══ The data

(* Let $X$ and $\tilde X$ be entrywise nonnegative real symmetric matrices such that $I\succeq X$, $I\succeq\tilde X$, and $I-\tilde X\approx_\epsilon I-\tfrac12X-\tfrac12X^2$. If $\rho(X)\le 1-\lambda$, then all eigenvalues of $\tilde X$ lie between $1-\tfrac12(3-\lambda)e^{\epsilon}$ and $1-\tfrac12(3\lambda-\lambda^2)e^{-\epsilon}$.
   Context: $\rho$ denotes spectral radius; $\succeq$ is the Loewner order; $A\approx_\epsilon B$ means $e^{\epsilon}A\succeq B\succeq e^{-\epsilon}A$. *)

theory Defs
  imports "HOL-Analysis.Analysis"
begin

definition loewner_ge :: "real^'n^'n \<Rightarrow> real^'n^'n \<Rightarrow> bool" where
  "loewner_ge A B \<longleftrightarrow> (\<forall>x::real^'n. 0 \<le> x \<bullet> ((A - B) *v x))"

definition spectral_approx :: "real \<Rightarrow> real^'n^'n \<Rightarrow> real^'n^'n \<Rightarrow> bool" where
  "spectral_approx eps A B \<longleftrightarrow> loewner_ge (exp eps *\<^sub>R A) B \<and> loewner_ge B (exp (- eps) *\<^sub>R A)"

definition cspec :: "real^'n^'n \<Rightarrow> complex set" where
  "cspec X = {\<mu>. \<exists>v::complex^'n. v \<noteq> 0 \<and>
      (\<chi> i j. complex_of_real (X $ i $ j)) *v v = \<mu> *s v}"

definition spec_rad :: "real^'n^'n \<Rightarrow> real" where
  "spec_rad X = Sup (cmod ` cspec X)"
lemma dim_range_injective_matrix:
  fixes Z :: "real^'k^'n"
  assumes "\<And>y. Z *v y = 0 \<Longrightarrow> y = 0"
  shows "dim (range ((*v) Z)) = CARD('k)"
proof -
  have "inj_on ((*v) Z) (span UNIV)"
    using assms by (intro inj_onI) (metis matrix_vector_mult_diff_distrib right_minus_eq)
  then have "dim (range ((*v) Z)) = dim (UNIV :: (real^'k) set)"
    by (intro eucl.dim_image_eq) simp
  then show ?thesis using vec_dim_card[where 'a=real and 'n='k] by (simp add: dim_vec_eq)
qed

lemma basis_of_range_as_columns:
  fixes Z :: "real^'k^'n"
  assumes Z_inj: "\<And>y. Z *v y = 0 \<Longrightarrow> y = 0"
    and E: "independent E" "span E = range ((*v) Z)"
  obtains \<mu> :: "real^'k^'k" where "bij_betw (\<lambda>j. column j (Z ** \<mu>)) UNIV E"
proof -
  have "finite E" using E(1) by (rule finiteI_independent)
  have "card E = dim (range ((*v) Z))" using dim_eq_card_independent[OF E(1)] E(2) dim_span by metis
  also have "\<dots> = CARD('k)" using Z_inj by (rule dim_range_injective_matrix)
  finally have "card E = CARD('k)" .
  obtain e where e: "bij_betw e (UNIV :: 'k set) E"
    using finite_same_card_bij[of "UNIV :: 'k set" E] \<open>finite E\<close> \<open>card E = CARD('k)\<close> by auto
  moreover have "E \<subseteq> range ((*v) Z)" using E(2) span_superset by metis
  ultimately have "e j \<in> range ((*v) Z)" for j using bij_betwE by blast
  then have "\<forall>j. \<exists>y. Z *v y = e j" by (metis imageE)
  then obtain y where y: "\<And>j. Z *v y j = e j" by metis
  have "(\<lambda>j. column j (Z ** (\<chi> i j. y j $ i))) = e"
    unfolding column_matrix_matrix_mult by (simp add: column_def y)
  with e show ?thesis by (intro that[of "\<chi> i j. y j $ i"]) simp
qed

lemma symmetric_matrix_factorization_eigenvectors:
  fixes Z :: "real^'k^'n" and K :: "real^'n^'k"
  assumes sym: "transpose (Z ** K) = Z ** K"
    and Z_inj: "\<And>y. Z *v y = 0 \<Longrightarrow> y = 0"
    and nondegenerate: "\<And>y. (Z ** K) *v (Z *v y) = 0 \<Longrightarrow> y = 0"
  obtains \<mu> :: "real^'k^'k" where
    "\<And>j j'. column j (Z ** \<mu>) \<bullet> column j' (Z ** \<mu>) = (if j = j' then 1 else 0)"
    "\<And>j. \<exists>lam. lam \<noteq> 0 \<and> is_eigenvector (Z ** K) (column j (Z ** \<mu>)) lam"
    "\<And>v lam. lam \<noteq> 0 \<Longrightarrow> is_eigenvector (Z ** K) v lam \<Longrightarrow> v \<in> span (columns (Z ** \<mu>))"
proof -
  define S where "S = range ((*v) Z)"
  have range_L: "(Z ** K) *v x \<in> S" for x
    by (simp add: S_def flip: matrix_vector_mul_assoc)
  have "subspace S" unfolding S_def by (intro linear_subspace_image subspace_UNIV) simp
  then obtain E where span_E: "span E = S" and orthogonal_E: "pairwise orthogonal E"
    and unit_eigen: "\<And>e. e \<in> E \<Longrightarrow> norm e = 1 \<and> (\<exists>c. (Z ** K) *v e = c *\<^sub>R e)"
    using symmetric_matrix_invariant_subspace_orthonormal_eigenbasis[OF sym] range_L by metis
  have "independent E"
    using orthogonal_E unit_eigen by (intro pairwise_orthogonal_independent) force+
  from Z_inj this span_E obtain \<mu> :: "real^'k^'k" where \<mu>: "bij_betw (\<lambda>j. column j (Z ** \<mu>)) UNIV E"
    unfolding S_def by (rule basis_of_range_as_columns)
  then have col_E: "column j (Z ** \<mu>) \<in> E" and columns_E: "columns (Z ** \<mu>) = E" for j
    by (auto simp: bij_betw_def columns_def)
  show ?thesis
  proof
    show "column j (Z ** \<mu>) \<bullet> column j' (Z ** \<mu>) = (if j = j' then 1 else 0)" for j j'
      using col_E[of j] col_E[of j'] unit_eigen[of "column j (Z ** \<mu>)"] orthogonal_E
        bij_betw_imp_inj_on[OF \<mu>]
      by (auto simp: pairwise_def orthogonal_def inj_def dot_square_norm)
    show "\<exists>lam. lam \<noteq> 0 \<and> is_eigenvector (Z ** K) (column j (Z ** \<mu>)) lam" for j
    proof -
      let ?e = "column j (Z ** \<mu>)"
      obtain c where c: "(Z ** K) *v ?e = c *\<^sub>R ?e" and "?e \<noteq> 0"
        using unit_eigen[OF col_E] by force
      moreover have "c \<noteq> 0"
      proof
        assume "c = 0"
        then have "(Z ** K) *v (Z *v column j \<mu>) = 0" using c by (simp add: column_matrix_matrix_mult)
        then show False using \<open>?e \<noteq> 0\<close> nondegenerate by (force simp: column_matrix_matrix_mult)
      qed
      ultimately show ?thesis unfolding is_eigenvector_def by blast
    qed
    show "v \<in> span (columns (Z ** \<mu>))" if "lam \<noteq> 0" "is_eigenvector (Z ** K) v lam" for v lam
    proof -
      have "v = (1 / lam) *\<^sub>R ((Z ** K) *v v)" using that by (simp add: is_eigenvector_def)
      then show ?thesis using range_L \<open>subspace S\<close> columns_E span_E by (metis subspace_scale)
    qed
  qed
qed
(* Let $\tilde\eta=(\tilde\eta_1,\ldots,\tilde\eta_\kappa)$ be any linear-plus-noise signaling rule with signals $\tilde{\mathbf{s}}_k=\tilde\eta_k(\mathbf{y}_{1:k})=\tilde L_k'\mathbf{y}_{1:k}+\tilde{\boldsymbol{\vartheta}}_k\in\mathbb{R}^{nk}$ ($\tilde L_k\in\mathbb{R}^{nk\times nk}$, $\tilde{\boldsymbol{\vartheta}}_k$ zero-mean Gaussian independent of everything else). Define the signaling rule $\eta$ with $m$-dimensional signals by $\eta_k(\mathbf{y}_{1:k}):=\mathbb{E}\{\mathbf{x}^o_k\mid\tilde\eta_1(\mathbf{y}_1),\ldots,\tilde\eta_k(\mathbf{y}_{1:k})\}$, $k\ge1$. Then $\eta$ and $\tilde\eta$ induce, for every type $\omega\in\Omega^o$, the same best-response control inputs almost surely, and hence the same cost $U_S$ for the sensor.
   Context: Setting with imperfect measurements: state $\mathbf{x}_{k+1}=A\mathbf{x}_k+B\mathbf{u}_k+\mathbf{w}_k$, measurements $\mathbf{y}_k=C\mathbf{x}_k+\mathbf{v}_k\in\mathbb{R}^n$, $k=1,\ldots,\kappa$, with $A\in\mathbb{R}^{m\times m}$, $B\in\mathbb{R}^{m\times r}$, $C\in\mathbb{R}^{n\times m}$, $\mathbf{x}_1\sim\mathcal{N}(0,\Sigma_1)$, $\mathbf{w}_k\sim\mathcal{N}(0,\Sigma_w)$, $\mathbf{v}_k\sim\mathcal{N}(0,\Sigma_v)$, all mutually independent and white. $\mathbf{y}_{1:k}=[\mathbf{y}_k'\cdots\mathbf{y}_1']'$. A signaling rule maps $\mathbf{y}_{1:k}$ to a signal $\mathbf{s}_k$; the follower's control is $\mathbf{u}_k=\gamma_k(\mathbf{s}_{1:k})$ with $\gamma_k$ Borel measurable. Finite type set $\Omega$, $\Omega^o=\Omega\cup\{\omega_o\}$, weights $Q^{\omega}\in\mathbb{S}^m_+$, $R^{\omega}\in\mathbb{S}^r_{++}$. Type-$\omega$ cost $U_C^{\omega}(\eta,\gamma)=\sum_{k=1}^{\kappa}\mathbb{E}\|\mathbf{x}^{\omega}_{k+1}\|^2_{Q^{\omega}}+\mathbb{E}\|\mathbf{u}^{\omega}_k\|^2_{R^{\omega}}$ ($\|z\|_M^2=z'Mz$); type $\omega$ plays a best response minimizing it. Sensor cost $U_S=\max_{p\in\Delta(\Omega^o)}\{\sum_{\omega\in\Omega}p_{\omega}\sum_k\mathbb{E}\|\mathbf{x}^{\omega}_{k+1}\|^2_{Q^{\omega_o}}+p_{\omega_o}\sum_k(\mathbb{E}\|\mathbf{x}^{\omega_o}_{k+1}\|^2_{Q^{\omega_o}}+\mathbb{E}\|\mathbf{u}^{\omega_o}_k\|^2_{R^{\omega_o}})\}$ evaluated under the best responses, $\Delta(\Omega^o)$ the probability simplex. Control-free state $\mathbf{x}^o_{k+1}=A\mathbf{x}^o_k+\mathbf{w}_k$, $\mathbf{x}^o_1=\mathbf{x}_1$. *)

theory Defs
  imports "HOL-Probability.Probability"
begin

definition psd_mat :: "real^'m^'m \<Rightarrow> bool" where
  "psd_mat Q \<longleftrightarrow> transpose Q = Q \<and> (\<forall>z. 0 \<le> z \<bullet> (Q *v z))"

definition pd_mat :: "real^'m^'m \<Rightarrow> bool" where
  "pd_mat Q \<longleftrightarrow> transpose Q = Q \<and> (\<forall>z. z \<noteq> 0 \<longrightarrow> 0 < z \<bullet> (Q *v z))"

definition qf :: "real^'m^'m \<Rightarrow> real^'m \<Rightarrow> real" where
  "qf Q z = z \<bullet> (Q *v z)"

definition centered_normal_rv :: "'a measure \<Rightarrow> ('a \<Rightarrow> real) \<Rightarrow> bool" where
  "centered_normal_rv M X \<longleftrightarrow> X \<in> borel_measurable M \<and>
     (distr M borel X = return borel 0 \<or>
      (\<exists>\<sigma>>0. distr M borel X = density lborel (normal_density 0 \<sigma>)))"

definition centered_gaussian_vec :: "'a measure \<Rightarrow> ('a \<Rightarrow> real^'d) \<Rightarrow> bool" where
  "centered_gaussian_vec M X \<longleftrightarrow> (\<forall>c. centered_normal_rv M (\<lambda>\<omega>. c \<bullet> X \<omega>))"

text \<open>Covariance matrix of a zero-mean random vector.\<close>
definition has_cov :: "'a measure \<Rightarrow> ('a \<Rightarrow> real^'d) \<Rightarrow> real^'d^'d \<Rightarrow> bool" where
  "has_cov M X S \<longleftrightarrow> (\<forall>i j. integral\<^sup>L M (\<lambda>\<omega>. X \<omega> $ i * X \<omega> $ j) = S $ i $ j)"
text \<open>Write \<open>ev z = u([z]) t v\<close> for \<open>z \<in> \<bbbF>\<^sub>q\<close> and \<open>einf = s t v\<close>. These vectors span a
  \<open>K\<close>-stable space \<open>Vind\<close>, and the Iwahori subgroup permutes the lines through them by
  Moebius transformations of \<open>\<bbbP>\<^sup>1(\<bbbF>\<^sub>q)\<close>. The vectors \<open>w j = \<Sum>\<^sub>z z\<^sup>j ev z\<close> are eigenvectors of the diagonal torus,
  with distinct eigencharacters for \<open>1 \<le> j \<le> q - 2\<close>, and averaging \<open>u([\<xi>])\<close> against \<open>\<xi>\<^sup>m\<close>
  extracts from \<open>w j\<close> non-zero multiples of the lower \<open>w k\<close> (binomial expansion and power sums
  over \<open>\<bbbF>\<^sub>q\<close>). Take a \<open>K\<close>-stable subspace \<open>U \<subseteq> Vind\<close> meeting the span of the \<open>ev z\<close>
  non-trivially, of minimal dimension. It contains a non-zero \<open>w j\<close>; for the least such \<open>j\<close>
  all lower terms vanish, so \<open>w j\<close> is \<open>I\<^sub>1\<close>-invariant, and it generates \<open>U\<close>. A proper
  non-zero \<open>K\<close>-stable subspace of \<open>U\<close> would be a line avoiding the span of the \<open>ev z\<close>;
  computing the action of \<open>s\<close>, \<open>u\<close> and the torus on it shows that \<open>\<chi>\<close> factors through
  \<open>det\<close> and that the line is spanned by \<open>\<epsilon> w 0 + einf\<close>, \<open>\<epsilon> = \<chi>(diag(-1, 1))\<close>. But
  \<open>\<langle>K w 0\<rangle> = U\<close> lies in the \<open>K\<close>-stable kernel of \<open>ev z \<mapsto> \<epsilon>, einf \<mapsto> 1\<close>, which
  does not contain \<open>\<epsilon> w 0 + einf\<close>.\<close>

locale local_field =
  fixes val :: "'f::field \<Rightarrow> int" and unif :: 'f
  assumes local_field: "nonarch_local_field val"
    and unif_nonzero: "unif \<noteq> 0" and val_unif: "val unif = 1"
begin
(* Let $\beta$ be an ordered partition of $N$ and let $\zeta\in(\mathfrak t')^*_\beta$ be $\beta$-generic with $\zeta(c)\neq0$. Then (i) the map $W\to(\mathfrak t')^*$, $w\mapsto w(\zeta)$ (affine action) is injective; (ii) the map $X^\beta\to(\mathfrak t')^*/\bar W$, $x\mapsto\bar W\cdot x(\zeta)$, is injective. (Analogously, if $\zeta\in\bar{\mathfrak t}^*_\beta$ is $\beta$-generic, then $w\mapsto w(\zeta)$ is injective on $\bar W$.)
   Context: Fix an integer $N\ge2$. Let $\bar{\mathfrak t}=\bigoplus_{i=1}^N\mathbb C\epsilon_i^\vee$, $\mathfrak t'=\bar{\mathfrak t}\oplus\mathbb Cc$, $\epsilon_1,\dots,\epsilon_N\in\bar{\mathfrak t}^*$ the dual basis, and $(\mathfrak t')^*=\bar{\mathfrak t}^*\oplus\mathbb Cc^*$ with $\epsilon_i(c)=0$, $c^*(c)=1$, $c^*(\bar{\mathfrak t})=0$. Put $(\epsilon_i,\epsilon_j)=\delta_{ij}$ and for $\zeta\in(\mathfrak t')^*$, $\bar\alpha=\sum a_i\epsilon_i$, $(\zeta,\bar\alpha)=\sum_ia_i\zeta(\epsilon_i^\vee)$. $\bar R=\{\alpha_{ij}=\epsilon_i-\epsilon_j:i\ne j\}$, $\bar R_+=\{\alpha_{ij}:i<j\}$, $\alpha_i=\alpha_{i,i+1}$, $\bar\Pi=\{\alpha_1,\dots,\alpha_{N-1}\}$. With formal $\delta$, $R=\{\bar\alpha+k\delta:\bar\alpha\in\bar R,k\in\mathbb Z\}$, $R_+=\{\bar\alpha+k\delta:\bar\alpha\in\bar R_+,k\ge0\}\cup\{-\bar\alpha+k\delta:\bar\alpha\in\bar R_+,k>0\}$, $R_-=R\setminus R_+$; $(\zeta,\bar\alpha+k\delta)=(\zeta,\bar\alpha)+k\zeta(c)$. $\bar P=\bigoplus\mathbb Z\epsilon_i$, $\bar P_-=\{\eta\in\bar P:(\eta,\alpha)\le0\ \forall\alpha\in\bar R_+\}$, $\bar W=\mathfrak S_N$ permuting indices, $W=\bar W\ltimes\bar P$ (elements $wt_\eta$, $wt_\eta w^{-1}=t_{w(\eta)}$), acting on $R$ by $w(\bar\alpha+k\delta)=w(\bar\alpha)+k\delta$, $t_\eta(\bar\alpha+k\delta)=\bar\alpha+(k-(\eta,\bar\alpha))\delta$, and on $(\mathfrak t')^*$ by the affine action: $w$ permutes the $\epsilon_i$ and fixes $c^*$, $t_\eta(\zeta)=\zeta+\zeta(c)\eta$. $l(w)=\#(R_+\cap w^{-1}(R_-))$. An ordered partition $\beta$ of $N$ gives blocks of consecutive indices of sizes $\beta_1,\dots,\beta_r$; $\bar R_\beta=\{\alpha_{ij}:i,j\text{ in the same block}\}$, $\bar R_{\beta,+}=\bar R_\beta\cap\bar R_+$, $\bar\Pi_\beta=\bar\Pi\cap\bar R_\beta$, $\bar W_\beta=\langle s_\alpha:\alpha\in\bar\Pi_\beta\rangle$, $W^\beta=\{w\in W:l(wu)\ge l(w)\ \forall u\in\bar W_\beta\}$, $\bar W^\beta=W^\beta\cap\bar W$. $(\mathfrak t')^*_\beta=\{\zeta\in(\mathfrak t')^*:(\zeta,\alpha)=-1\ \forall\alpha\in\bar\Pi_\beta\}$, $\bar{\mathfrak t}^*_\beta$ analogously in $\bar{\mathfrak t}^*$. $\zeta\in(\mathfrak t')^*_\beta$ (resp. $\bar{\mathfrak t}^*_\beta$) is $\beta$-generic if $(\zeta,\alpha)\notin\{1,0,-1\}$ for all $\alpha\in R_+\setminus\bar R_{\beta,+}$ (resp. $\bar R_+\setminus\bar R_{\beta,+}$). For $w\in\bar W^\beta$, $\eta_w\in\bar P_-$ is defined by $(\eta_w,\epsilon_1)=0$ and $(\eta_w,\alpha_i)=-1$ if $\alpha_i\in w(\bar R_+\setminus\bar R_{\beta,+})$, $0$ otherwise; $\bar P_-(w)=\{\eta+\eta_w:\eta\in\bar P_-\}$; $X^\beta=\{t_\eta w:w\in\bar W^\beta,\eta\in\bar P_-(w)\}$. *)

theory Defs
  imports Complex_Main "HOL-Combinatorics.Combinatorics"
begin

text \<open>Indices run over {1..N}. An element zeta of (t')^* is encoded as a pair
 (a, k) with a i = zeta(eps_i^vee) for i in {1..N} (a i = 0 outside {1..N}) and k = zeta(c).
 Then (zeta, alpha_ij + n delta) = a i - a j + n k.
 An element of W = Wbar |x Pbar is encoded by the unique pair (w, eta) with the element
 equal to w t_eta, where w permutes {1..N} and eta : nat => int vanishes outside {1..N}.\<close>

definition ordered_partition :: "nat \<Rightarrow> nat list \<Rightarrow> bool" where
  "ordered_partition N \<beta> \<longleftrightarrow> (\<forall>x\<in>set \<beta>. 0 < x) \<and> sum_list \<beta> = N"

text \<open>Index of the block containing i (blocks of consecutive indices of sizes beta_1, ...).\<close>
definition blk :: "nat list \<Rightarrow> nat \<Rightarrow> nat" where
  "blk \<beta> i = (LEAST r. i \<le> sum_list (take r \<beta>))"

definition same_block :: "nat list \<Rightarrow> nat \<Rightarrow> nat \<Rightarrow> bool" where
  "same_block \<beta> i j \<longleftrightarrow> blk \<beta> i = blk \<beta> j"

definition tdual :: "nat \<Rightarrow> ((nat \<Rightarrow> complex) \<times> complex) set" where
  "tdual N = {(a, k). \<forall>i. i \<notin> {1..N} \<longrightarrow> a i = 0}"

definition tbar :: "nat \<Rightarrow> (nat \<Rightarrow> complex) set" where
  "tbar N = {a. \<forall>i. i \<notin> {1..N} \<longrightarrow> a i = 0}"

definition Pbar :: "nat \<Rightarrow> (nat \<Rightarrow> int) set" where
  "Pbar N = {\<eta>. \<forall>i. i \<notin> {1..N} \<longrightarrow> \<eta> i = 0}"

definition Wbar :: "nat \<Rightarrow> (nat \<Rightarrow> nat) set" where
  "Wbar N = {w. w permutes {1..N}}"

definition Wgrp :: "nat \<Rightarrow> ((nat \<Rightarrow> nat) \<times> (nat \<Rightarrow> int)) set" where
  "Wgrp N = Wbar N \<times> Pbar N"

text \<open>Affine action of w t_eta: (w t_eta)(zeta) = w(zeta + zeta(c) eta).\<close>
definition aff_act :: "(nat \<Rightarrow> nat) \<times> (nat \<Rightarrow> int) \<Rightarrow> (nat \<Rightarrow> complex) \<times> complex
    \<Rightarrow> (nat \<Rightarrow> complex) \<times> complex" where
  "aff_act x z = (let (w, \<eta>) = x; (a, k) = z in
      (\<lambda>j. a (inv w j) + k * of_int (\<eta> (inv w j)), k))"

definition perm_act :: "(nat \<Rightarrow> nat) \<Rightarrow> (nat \<Rightarrow> complex) \<Rightarrow> (nat \<Rightarrow> complex)" where
  "perm_act w a = (\<lambda>j. a (inv w j))"

definition orbit :: "nat \<Rightarrow> (nat \<Rightarrow> complex) \<times> complex \<Rightarrow> ((nat \<Rightarrow> complex) \<times> complex) set" where
  "orbit N z = {aff_act (u, \<lambda>_. 0) z | u. u \<in> Wbar N}"

text \<open>alpha_ij + n delta is in R_+ (for i, j distinct).\<close>
definition pos_root :: "nat \<Rightarrow> nat \<Rightarrow> int \<Rightarrow> bool" where
  "pos_root i j n \<longleftrightarrow> (i < j \<and> 0 \<le> n) \<or> (j < i \<and> 0 < n)"

text \<open>Length l(w t_eta) = #(R_+ cap (w t_eta)^{-1}(R_-)), using
 (w t_eta)(alpha_ij + n delta) = alpha_{w i, w j} + (n - (eta_i - eta_j)) delta.\<close>
definition aff_len :: "nat \<Rightarrow> (nat \<Rightarrow> nat) \<times> (nat \<Rightarrow> int) \<Rightarrow> nat" where
  "aff_len N x = (let (w, \<eta>) = x in
     card {(i, j, n). i \<in> {1..N} \<and> j \<in> {1..N} \<and> i \<noteq> j \<and> pos_root i j n
            \<and> \<not> pos_root (w i) (w j) (n - (\<eta> i - \<eta> j))})"

inductive_set Wbar_beta :: "nat \<Rightarrow> nat list \<Rightarrow> (nat \<Rightarrow> nat) set" for N \<beta> where
  id: "id \<in> Wbar_beta N \<beta>"
| step: "u \<in> Wbar_beta N \<beta> \<Longrightarrow> i \<in> {1..<N} \<Longrightarrow> same_block \<beta> i (Suc i)
          \<Longrightarrow> transpose i (Suc i) \<circ> u \<in> Wbar_beta N \<beta>"

definition Wbar_min :: "nat \<Rightarrow> nat list \<Rightarrow> (nat \<Rightarrow> nat) set" where
  "Wbar_min N \<beta> = {w \<in> Wbar N. \<forall>u \<in> Wbar_beta N \<beta>.
        aff_len N (w \<circ> u, \<lambda>_. 0) \<ge> aff_len N (w, \<lambda>_. 0)}"

definition Pbar_minus :: "nat \<Rightarrow> (nat \<Rightarrow> int) set" where
  "Pbar_minus N = {\<eta> \<in> Pbar N. \<forall>i\<in>{1..N}. \<forall>j\<in>{1..N}. i < j \<longrightarrow> \<eta> i - \<eta> j \<le> 0}"

text \<open>alpha_m in w(Rbar_+ - Rbar_{beta,+}).\<close>
definition simple_in_image :: "nat \<Rightarrow> nat list \<Rightarrow> (nat \<Rightarrow> nat) \<Rightarrow> nat \<Rightarrow> bool" where
  "simple_in_image N \<beta> w m \<longleftrightarrow> (\<exists>i\<in>{1..N}. \<exists>j\<in>{1..N}. i < j \<and> \<not> same_block \<beta> i j
        \<and> w i = m \<and> w j = Suc m)"

definition eta_w :: "nat \<Rightarrow> nat list \<Rightarrow> (nat \<Rightarrow> nat) \<Rightarrow> (nat \<Rightarrow> int)" where
  "eta_w N \<beta> w = (THE \<eta>. \<eta> \<in> Pbar N \<and> \<eta> 1 = 0 \<and>
      (\<forall>m\<in>{1..<N}. \<eta> m - \<eta> (Suc m) = (if simple_in_image N \<beta> w m then -1 else 0)))"

definition Pbar_minus_w :: "nat \<Rightarrow> nat list \<Rightarrow> (nat \<Rightarrow> nat) \<Rightarrow> (nat \<Rightarrow> int) set" where
  "Pbar_minus_w N \<beta> w = {\<lambda>i. \<eta> i + eta_w N \<beta> w i | \<eta>. \<eta> \<in> Pbar_minus N}"

text \<open>X^beta = {t_eta w}; since t_eta w = w t_{w^{-1}(eta)} and (w^{-1} eta)_i = eta_{w i},
 in the (w, eta) encoding of W the element t_eta w is (w, eta o w).\<close>
definition Xbeta :: "nat \<Rightarrow> nat list \<Rightarrow> ((nat \<Rightarrow> nat) \<times> (nat \<Rightarrow> int)) set" where
  "Xbeta N \<beta> = {(w, \<eta> \<circ> w) | w \<eta>. w \<in> Wbar_min N \<beta> \<and> \<eta> \<in> Pbar_minus_w N \<beta> w}"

════

_Your goal:_ With the string "subseteq" as the key, filter the data above and show the lines that match.

_Answer section:_
  moreover have "E \<subseteq> range ((*v) Z)" using E(2) span_superset by metis
  over \<open>\<bbbF>\<^sub>q\<close>). Take a \<open>K\<close>-stable subspace \<open>U \<subseteq> Vind\<close> meeting the span of the \<open>ev z\<close>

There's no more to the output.